Any stimulus, irrespective of whether it generates a spike or not, affects the neural response to a subsequent stimulus. Such interaction effects can be measured by stimulation with two subsequent pulses. In such paired pulse stimuli, the first pulse is referred to as the “conditioner” and the second pulse is referred to as the “probe.” Two stimulus paradigms have been used to assess the effect of the conditioner on the probe. In one paradigm, the conditioner is presented at a fixed level and the probe threshold is measured for different delays of the probe (Fig. 2e). This condition is referred to as the variable-probe condition. In the second paradigm, the conditioner and the probe are presented at the same level and with different relative delays (Fig. 2f). This condition is referred to as the constant-level condition. By changing the level of the conditioner to be either below or above threshold, paired pulse stimulation has been used to characterize the effects of facilitation, accommodation, and refractoriness in the electrically stimulated ANFs.

The subthreshold conditioner refers to a pulse of low amplitude that does not generate a spike. In the variable-probe condition, the conditioner level was chosen to be either −0.9 or −2 dB below the threshold for a single pulse and probe thresholds were predicted for monophasic cathodic pulses of 100 μs PPD and inter-pulse delays ranging from 100 to 5000 μs. In the constant-level condition, the summation thresholds, i.e., the threshold for two pulses of equal level, were predicted for monophasic pulses of anodic or cathodic polarity for a PPD of 50 μs using interpulse delays in the range from 100 to 300 μs. A summation time constant was obtained by fitting the summation thresholds with an exponential function, as suggested by Cartee et al. (2006). The effects of subthreshold paired pulse stimulation in the model were compared to the data from Dynes (1996) and Cartee et al. (2006).

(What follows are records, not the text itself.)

(* Let $\{a,b\}$ be a $2$-element generating set of a finite abelian group $G$, and let $P$ and $P'$ be spanning quasi-paths in $\mathrm{Cay}(G;a,b)$ such that $\delta_b(P)=\delta_b(P')$. If $P$ is a hamiltonian path, then $P'$ is also a hamiltonian path.
   Context: The Cayley digraph $\mathrm{Cay}(G;a,b)$ has vertex set $G$ and an arc from $v$ to $v+s$ for all $v\in G$, $s\in\{a,b\}$; such an arc is an $s$-edge, and $\delta_b(P)$ denotes the number of $b$-edges in a subdigraph $P$. A spanning quasi-path in a digraph is a spanning subdigraph such that exactly one connected component is a directed path and all other components are directed cycles. A hamiltonian path is a directed path visiting every vertex exactly once. *)

theory Defs
  imports Main
begin

inductive_set subgroup_gen :: "'g::ab_group_add set \<Rightarrow> 'g set" for S where
  zero: "0 \<in> subgroup_gen S"
| gen: "s \<in> S \<Longrightarrow> s \<in> subgroup_gen S"
| add: "x \<in> subgroup_gen S \<Longrightarrow> y \<in> subgroup_gen S \<Longrightarrow> x + y \<in> subgroup_gen S"
| neg: "x \<in> subgroup_gen S \<Longrightarrow> - x \<in> subgroup_gen S"

definition generates :: "'g::ab_group_add set \<Rightarrow> bool" where
  "generates S \<longleftrightarrow> subgroup_gen S = UNIV"

text \<open>Arcs of Cay(G;a,b): from v to v+s with s in {a,b}. A subdigraph is a set of arcs.\<close>
definition cay_arcs :: "'g::ab_group_add \<Rightarrow> 'g \<Rightarrow> ('g \<times> 'g) set" where
  "cay_arcs a b = {(v, w). w = v + a \<or> w = v + b}"

definition delta_b :: "'g::ab_group_add \<Rightarrow> ('g \<times> 'g) set \<Rightarrow> nat" where
  "delta_b b P = card {(v, w) \<in> P. w = v + b}"

definition path_arcs :: "'a list \<Rightarrow> ('a \<times> 'a) set" where
  "path_arcs xs = set (zip xs (tl xs))"

definition cycle_arcs :: "'a list \<Rightarrow> ('a \<times> 'a) set" where
  "cycle_arcs xs = set (zip xs (tl xs @ [hd xs]))"

definition is_dipath :: "'g::ab_group_add \<Rightarrow> 'g \<Rightarrow> 'g list \<Rightarrow> bool" where
  "is_dipath a b xs \<longleftrightarrow> xs \<noteq> [] \<and> distinct xs \<and> path_arcs xs \<subseteq> cay_arcs a b"

definition is_dicycle :: "'g::ab_group_add \<Rightarrow> 'g \<Rightarrow> 'g list \<Rightarrow> bool" where
  "is_dicycle a b xs \<longleftrightarrow> xs \<noteq> [] \<and> distinct xs \<and> cycle_arcs xs \<subseteq> cay_arcs a b"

The suprathreshold conditioner refers to a pulse of higher amplitude that always generates a spike. In the variable-probe condition, the conditioner level was fixed at either +1, +2, +4, or +6 dB above the threshold level for a single pulse and thresholds were predicted for 100-μs-long monophasic cathodic probe pulses and interpulse delays ranging from 600 to 14,000 μs. In the constant-level condition, the probability of spiking for the second pulse was predicted for various interpulse delays, using pseudomonophasic pulses. The pseudomonophasic pulses were composed of either anodic or cathodic leading phase (40 μs) and a long-duration second phase (160 μs) of opposite polarity. In each condition, the conditioner and the probe were identical in their pulse shape. The conditioner and probe levels were kept constant at either +1 or +3 dB above the threshold for a single pulse and the interpulse delays were varied from 500 to 16,000 μs. The effects of the suprathreshold paired pulse stimulation were compared to the data from Dynes (1996) and Matsuoka et al. (2000).

Pulse Trains

Besides the pulse shape, pulse rate and stimulus level also affect the neural responses. Predictions were obtained for stimulation with pulse trains with rates from 200 to 10,000 pulses per second (pps). The pulse trains were 300 ms in duration and composed of symmetric biphasic pulses of either anodic or cathodic leading polarity. The amplitudes of the pulses in a pulse train were constant and varied across conditions between −10 and +10 dB above the threshold for a single pulse. The predictions were compared to the data from Javel (1990), Bruce et al. (1999b), Zhang et al. (2007), and Miller et al. (2008).

Response Statistics

For single and paired pulses, the response statistics used to characterize the neural response included threshold, dynamic range, spike latency, and jitter. First, the spike probabilities were obtained by repeating the simulations 1000 times at multiple current levels. The probabilities were fit with an integrated Gaussian function described with mean θ and standard deviation σ to obtain the FE function. The threshold was defined as the value of θ of the FE function. The dynamic range of the neuron was estimated by calculating the RS as σ/θ. The spike latency distribution was calculated from the time delays of the generated spikes relative to the stimulus onset. The standard deviation of the spike latency distribution was then defined as the spike jitter.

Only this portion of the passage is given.